Task requirements:
Could you find every line in the entries below that holds the word "dots" and copy it?
═════ Records to process ═════
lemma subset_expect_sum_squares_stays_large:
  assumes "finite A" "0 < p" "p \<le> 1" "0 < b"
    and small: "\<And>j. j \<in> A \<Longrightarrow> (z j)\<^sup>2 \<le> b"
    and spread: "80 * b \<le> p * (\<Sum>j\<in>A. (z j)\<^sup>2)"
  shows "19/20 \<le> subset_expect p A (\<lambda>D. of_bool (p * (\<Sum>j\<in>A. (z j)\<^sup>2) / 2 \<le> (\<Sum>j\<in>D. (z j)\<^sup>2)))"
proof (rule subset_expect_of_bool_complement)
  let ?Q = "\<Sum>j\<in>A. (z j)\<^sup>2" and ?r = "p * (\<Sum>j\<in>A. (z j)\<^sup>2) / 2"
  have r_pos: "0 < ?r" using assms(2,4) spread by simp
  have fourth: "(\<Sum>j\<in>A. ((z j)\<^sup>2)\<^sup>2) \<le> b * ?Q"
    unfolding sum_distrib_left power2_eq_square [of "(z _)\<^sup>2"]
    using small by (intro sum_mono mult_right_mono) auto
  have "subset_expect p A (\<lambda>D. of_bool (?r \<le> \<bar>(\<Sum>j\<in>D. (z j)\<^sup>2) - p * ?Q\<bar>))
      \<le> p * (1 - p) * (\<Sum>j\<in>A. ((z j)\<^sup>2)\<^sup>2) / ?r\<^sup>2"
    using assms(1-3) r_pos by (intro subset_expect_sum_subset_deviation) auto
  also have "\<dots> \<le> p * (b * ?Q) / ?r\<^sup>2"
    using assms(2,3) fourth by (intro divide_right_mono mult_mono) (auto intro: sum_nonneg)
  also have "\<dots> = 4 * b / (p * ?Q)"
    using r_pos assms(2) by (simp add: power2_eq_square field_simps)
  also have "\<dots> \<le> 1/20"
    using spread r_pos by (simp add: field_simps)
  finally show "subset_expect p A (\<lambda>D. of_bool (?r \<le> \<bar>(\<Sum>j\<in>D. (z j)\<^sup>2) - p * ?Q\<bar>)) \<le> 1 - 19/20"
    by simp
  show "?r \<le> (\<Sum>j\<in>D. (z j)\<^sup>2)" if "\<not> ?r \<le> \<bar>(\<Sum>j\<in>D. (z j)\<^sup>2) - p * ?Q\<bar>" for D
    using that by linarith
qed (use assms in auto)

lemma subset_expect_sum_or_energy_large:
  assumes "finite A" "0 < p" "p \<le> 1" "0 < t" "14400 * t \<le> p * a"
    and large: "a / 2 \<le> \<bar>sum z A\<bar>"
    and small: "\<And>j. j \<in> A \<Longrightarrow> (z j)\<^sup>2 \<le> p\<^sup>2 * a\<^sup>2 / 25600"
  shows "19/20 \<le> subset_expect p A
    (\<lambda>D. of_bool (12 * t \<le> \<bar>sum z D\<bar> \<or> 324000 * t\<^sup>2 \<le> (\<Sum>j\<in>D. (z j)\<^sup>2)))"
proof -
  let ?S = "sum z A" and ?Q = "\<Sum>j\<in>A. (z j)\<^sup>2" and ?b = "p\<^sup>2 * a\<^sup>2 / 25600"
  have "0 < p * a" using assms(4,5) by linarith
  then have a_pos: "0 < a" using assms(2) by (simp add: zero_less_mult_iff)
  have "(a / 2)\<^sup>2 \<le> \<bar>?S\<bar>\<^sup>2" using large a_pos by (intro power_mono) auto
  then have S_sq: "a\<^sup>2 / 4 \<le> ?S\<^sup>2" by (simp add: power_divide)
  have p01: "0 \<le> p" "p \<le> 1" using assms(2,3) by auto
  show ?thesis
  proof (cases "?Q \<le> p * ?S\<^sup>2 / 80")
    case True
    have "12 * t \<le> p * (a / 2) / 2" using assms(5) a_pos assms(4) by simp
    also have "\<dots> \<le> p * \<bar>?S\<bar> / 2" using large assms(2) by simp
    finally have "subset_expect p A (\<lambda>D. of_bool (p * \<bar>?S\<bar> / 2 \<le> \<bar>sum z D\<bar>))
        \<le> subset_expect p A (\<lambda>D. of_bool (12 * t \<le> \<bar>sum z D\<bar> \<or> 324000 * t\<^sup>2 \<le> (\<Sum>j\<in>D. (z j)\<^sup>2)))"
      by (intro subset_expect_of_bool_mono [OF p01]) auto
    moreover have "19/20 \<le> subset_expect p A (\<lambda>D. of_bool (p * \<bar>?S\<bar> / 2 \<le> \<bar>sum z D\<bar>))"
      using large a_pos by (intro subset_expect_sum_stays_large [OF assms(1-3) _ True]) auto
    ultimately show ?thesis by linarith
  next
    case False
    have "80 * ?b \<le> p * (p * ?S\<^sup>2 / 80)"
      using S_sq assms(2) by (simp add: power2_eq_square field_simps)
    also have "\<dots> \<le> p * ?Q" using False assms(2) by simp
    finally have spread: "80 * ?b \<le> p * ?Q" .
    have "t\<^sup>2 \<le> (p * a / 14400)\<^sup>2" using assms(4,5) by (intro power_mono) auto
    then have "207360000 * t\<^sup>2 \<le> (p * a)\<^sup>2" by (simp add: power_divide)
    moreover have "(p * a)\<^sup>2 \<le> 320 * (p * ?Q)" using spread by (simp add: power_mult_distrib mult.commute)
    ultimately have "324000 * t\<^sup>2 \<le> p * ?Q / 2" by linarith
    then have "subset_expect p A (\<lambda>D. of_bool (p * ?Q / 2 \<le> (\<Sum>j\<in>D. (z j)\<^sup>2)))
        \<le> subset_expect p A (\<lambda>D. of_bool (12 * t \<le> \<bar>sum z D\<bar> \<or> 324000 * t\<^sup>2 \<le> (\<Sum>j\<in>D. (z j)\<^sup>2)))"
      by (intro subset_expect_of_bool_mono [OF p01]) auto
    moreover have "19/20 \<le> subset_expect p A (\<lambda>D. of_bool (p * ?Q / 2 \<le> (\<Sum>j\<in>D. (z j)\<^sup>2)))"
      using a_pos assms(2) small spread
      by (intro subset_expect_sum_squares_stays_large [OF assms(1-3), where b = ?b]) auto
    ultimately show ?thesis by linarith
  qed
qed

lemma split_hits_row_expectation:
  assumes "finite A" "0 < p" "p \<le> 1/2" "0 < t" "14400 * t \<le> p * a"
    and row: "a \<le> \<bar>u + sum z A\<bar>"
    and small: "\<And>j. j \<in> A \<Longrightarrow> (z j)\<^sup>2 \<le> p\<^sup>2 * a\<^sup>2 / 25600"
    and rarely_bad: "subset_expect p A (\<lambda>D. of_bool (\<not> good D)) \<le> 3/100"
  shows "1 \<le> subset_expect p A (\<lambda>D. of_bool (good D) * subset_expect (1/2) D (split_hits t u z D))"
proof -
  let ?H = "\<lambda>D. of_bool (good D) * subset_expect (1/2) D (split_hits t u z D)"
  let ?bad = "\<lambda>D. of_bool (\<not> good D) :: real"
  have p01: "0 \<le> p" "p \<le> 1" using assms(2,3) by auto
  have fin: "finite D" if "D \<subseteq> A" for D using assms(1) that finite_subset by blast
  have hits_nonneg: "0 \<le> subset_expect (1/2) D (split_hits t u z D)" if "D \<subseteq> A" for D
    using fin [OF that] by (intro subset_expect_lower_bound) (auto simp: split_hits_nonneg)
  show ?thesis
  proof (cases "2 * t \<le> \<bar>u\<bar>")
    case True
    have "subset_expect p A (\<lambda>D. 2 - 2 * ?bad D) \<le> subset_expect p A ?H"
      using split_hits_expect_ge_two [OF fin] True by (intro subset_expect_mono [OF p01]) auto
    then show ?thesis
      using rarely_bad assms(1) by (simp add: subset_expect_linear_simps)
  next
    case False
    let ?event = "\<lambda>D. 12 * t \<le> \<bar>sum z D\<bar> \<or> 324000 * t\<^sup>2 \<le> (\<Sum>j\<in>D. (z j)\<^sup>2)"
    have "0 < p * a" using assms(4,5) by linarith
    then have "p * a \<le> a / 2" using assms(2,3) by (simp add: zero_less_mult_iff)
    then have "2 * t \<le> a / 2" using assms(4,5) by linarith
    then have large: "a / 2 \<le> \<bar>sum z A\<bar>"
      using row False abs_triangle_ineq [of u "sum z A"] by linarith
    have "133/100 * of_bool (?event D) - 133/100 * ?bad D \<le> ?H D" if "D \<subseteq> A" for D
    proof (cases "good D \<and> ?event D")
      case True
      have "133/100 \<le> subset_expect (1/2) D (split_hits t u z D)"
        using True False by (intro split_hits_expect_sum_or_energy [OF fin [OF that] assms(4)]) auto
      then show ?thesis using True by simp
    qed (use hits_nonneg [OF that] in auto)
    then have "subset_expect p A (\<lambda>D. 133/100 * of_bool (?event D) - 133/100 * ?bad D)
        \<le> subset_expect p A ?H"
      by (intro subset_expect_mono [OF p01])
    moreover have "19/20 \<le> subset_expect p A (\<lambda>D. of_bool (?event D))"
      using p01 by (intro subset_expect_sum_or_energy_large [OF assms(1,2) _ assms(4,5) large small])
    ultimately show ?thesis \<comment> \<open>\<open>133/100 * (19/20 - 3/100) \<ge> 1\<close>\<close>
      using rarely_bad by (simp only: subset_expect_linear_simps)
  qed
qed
═════
═════ Records to process ═════
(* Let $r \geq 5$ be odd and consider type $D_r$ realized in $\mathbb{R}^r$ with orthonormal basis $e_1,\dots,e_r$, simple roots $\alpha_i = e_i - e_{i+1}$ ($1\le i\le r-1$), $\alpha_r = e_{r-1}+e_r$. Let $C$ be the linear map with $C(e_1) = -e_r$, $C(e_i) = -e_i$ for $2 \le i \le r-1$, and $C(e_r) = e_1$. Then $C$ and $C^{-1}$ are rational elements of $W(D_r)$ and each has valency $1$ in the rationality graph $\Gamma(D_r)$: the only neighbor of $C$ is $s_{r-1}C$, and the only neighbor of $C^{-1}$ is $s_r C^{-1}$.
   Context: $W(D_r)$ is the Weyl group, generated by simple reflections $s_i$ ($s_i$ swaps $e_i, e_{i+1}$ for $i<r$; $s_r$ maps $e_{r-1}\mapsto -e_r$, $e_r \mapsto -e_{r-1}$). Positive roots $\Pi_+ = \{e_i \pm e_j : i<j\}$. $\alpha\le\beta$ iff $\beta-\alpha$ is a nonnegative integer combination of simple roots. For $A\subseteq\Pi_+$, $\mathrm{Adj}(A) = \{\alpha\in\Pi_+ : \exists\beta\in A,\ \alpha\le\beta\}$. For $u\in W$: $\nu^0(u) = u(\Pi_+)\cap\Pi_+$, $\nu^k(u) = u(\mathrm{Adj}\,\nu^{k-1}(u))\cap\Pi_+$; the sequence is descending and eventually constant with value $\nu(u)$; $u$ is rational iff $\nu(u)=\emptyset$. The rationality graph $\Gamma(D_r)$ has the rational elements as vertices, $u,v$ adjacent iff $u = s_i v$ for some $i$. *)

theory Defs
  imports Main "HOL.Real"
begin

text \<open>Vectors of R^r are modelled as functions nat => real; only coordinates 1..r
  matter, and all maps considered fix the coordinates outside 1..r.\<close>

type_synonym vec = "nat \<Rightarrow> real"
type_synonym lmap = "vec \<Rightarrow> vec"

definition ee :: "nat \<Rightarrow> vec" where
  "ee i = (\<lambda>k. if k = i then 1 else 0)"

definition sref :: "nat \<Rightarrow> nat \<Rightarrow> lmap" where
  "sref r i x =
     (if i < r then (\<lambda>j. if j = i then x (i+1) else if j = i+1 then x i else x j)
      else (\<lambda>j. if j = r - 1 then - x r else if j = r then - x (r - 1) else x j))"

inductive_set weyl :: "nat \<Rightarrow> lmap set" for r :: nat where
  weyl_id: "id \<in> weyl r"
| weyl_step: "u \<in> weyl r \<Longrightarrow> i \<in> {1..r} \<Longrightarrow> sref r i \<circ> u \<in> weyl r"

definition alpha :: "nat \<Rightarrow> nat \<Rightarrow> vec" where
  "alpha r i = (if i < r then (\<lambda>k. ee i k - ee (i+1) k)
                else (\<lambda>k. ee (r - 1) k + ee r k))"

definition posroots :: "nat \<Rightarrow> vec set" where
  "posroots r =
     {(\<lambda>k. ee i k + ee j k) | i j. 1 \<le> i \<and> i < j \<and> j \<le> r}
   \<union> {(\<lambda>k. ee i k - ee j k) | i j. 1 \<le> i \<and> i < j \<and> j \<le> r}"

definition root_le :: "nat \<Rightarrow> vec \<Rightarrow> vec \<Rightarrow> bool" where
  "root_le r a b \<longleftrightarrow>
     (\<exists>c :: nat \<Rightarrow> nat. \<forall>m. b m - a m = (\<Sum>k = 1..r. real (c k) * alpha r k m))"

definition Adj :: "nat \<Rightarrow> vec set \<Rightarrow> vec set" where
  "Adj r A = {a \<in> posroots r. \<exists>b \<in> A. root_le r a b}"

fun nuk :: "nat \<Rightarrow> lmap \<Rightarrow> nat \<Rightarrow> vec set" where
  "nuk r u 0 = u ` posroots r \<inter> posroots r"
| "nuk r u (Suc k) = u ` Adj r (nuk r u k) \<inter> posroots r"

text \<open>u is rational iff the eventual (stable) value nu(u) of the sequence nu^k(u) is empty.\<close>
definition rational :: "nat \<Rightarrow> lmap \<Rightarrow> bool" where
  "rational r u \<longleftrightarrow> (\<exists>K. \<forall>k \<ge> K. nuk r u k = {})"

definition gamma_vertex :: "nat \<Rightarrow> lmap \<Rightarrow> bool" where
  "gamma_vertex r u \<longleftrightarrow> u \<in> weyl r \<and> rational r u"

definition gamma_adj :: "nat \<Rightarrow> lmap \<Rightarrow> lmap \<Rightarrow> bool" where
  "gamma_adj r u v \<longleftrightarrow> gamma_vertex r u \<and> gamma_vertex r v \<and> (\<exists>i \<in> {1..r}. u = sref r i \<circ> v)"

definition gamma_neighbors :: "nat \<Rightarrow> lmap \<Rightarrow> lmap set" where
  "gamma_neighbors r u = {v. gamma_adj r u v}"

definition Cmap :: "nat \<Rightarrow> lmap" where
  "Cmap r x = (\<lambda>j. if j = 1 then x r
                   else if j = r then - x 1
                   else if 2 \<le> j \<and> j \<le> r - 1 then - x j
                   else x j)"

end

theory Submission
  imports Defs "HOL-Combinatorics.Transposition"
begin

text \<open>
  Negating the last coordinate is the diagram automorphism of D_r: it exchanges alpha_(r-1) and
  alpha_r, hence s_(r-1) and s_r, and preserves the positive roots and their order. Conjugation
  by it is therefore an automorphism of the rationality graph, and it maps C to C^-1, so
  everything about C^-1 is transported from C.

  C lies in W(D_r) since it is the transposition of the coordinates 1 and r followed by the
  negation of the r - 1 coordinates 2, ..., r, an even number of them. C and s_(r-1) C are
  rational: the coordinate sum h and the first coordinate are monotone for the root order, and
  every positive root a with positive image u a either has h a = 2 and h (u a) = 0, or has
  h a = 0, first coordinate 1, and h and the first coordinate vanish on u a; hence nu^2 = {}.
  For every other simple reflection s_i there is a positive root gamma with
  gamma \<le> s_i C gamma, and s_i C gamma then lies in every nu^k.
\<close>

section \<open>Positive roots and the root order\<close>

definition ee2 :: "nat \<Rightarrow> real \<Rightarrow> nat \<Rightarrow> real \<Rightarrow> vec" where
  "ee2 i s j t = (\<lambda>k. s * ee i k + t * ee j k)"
═════
Reply:
  also have "\<dots> \<le> p * (b * ?Q) / ?r\<^sup>2"
  also have "\<dots> = 4 * b / (p * ?Q)"
  also have "\<dots> \<le> 1/20"
    also have "\<dots> \<le> p * \<bar>?S\<bar> / 2" using large assms(2) by simp
    also have "\<dots> \<le> p * ?Q" using False assms(2) by simp
(* Let $r \geq 5$ be odd and consider type $D_r$ realized in $\mathbb{R}^r$ with orthonormal basis $e_1,\dots,e_r$, simple roots $\alpha_i = e_i - e_{i+1}$ ($1\le i\le r-1$), $\alpha_r = e_{r-1}+e_r$. Let $C$ be the linear map with $C(e_1) = -e_r$, $C(e_i) = -e_i$ for $2 \le i \le r-1$, and $C(e_r) = e_1$. Then $C$ and $C^{-1}$ are rational elements of $W(D_r)$ and each has valency $1$ in the rationality graph $\Gamma(D_r)$: the only neighbor of $C$ is $s_{r-1}C$, and the only neighbor of $C^{-1}$ is $s_r C^{-1}$.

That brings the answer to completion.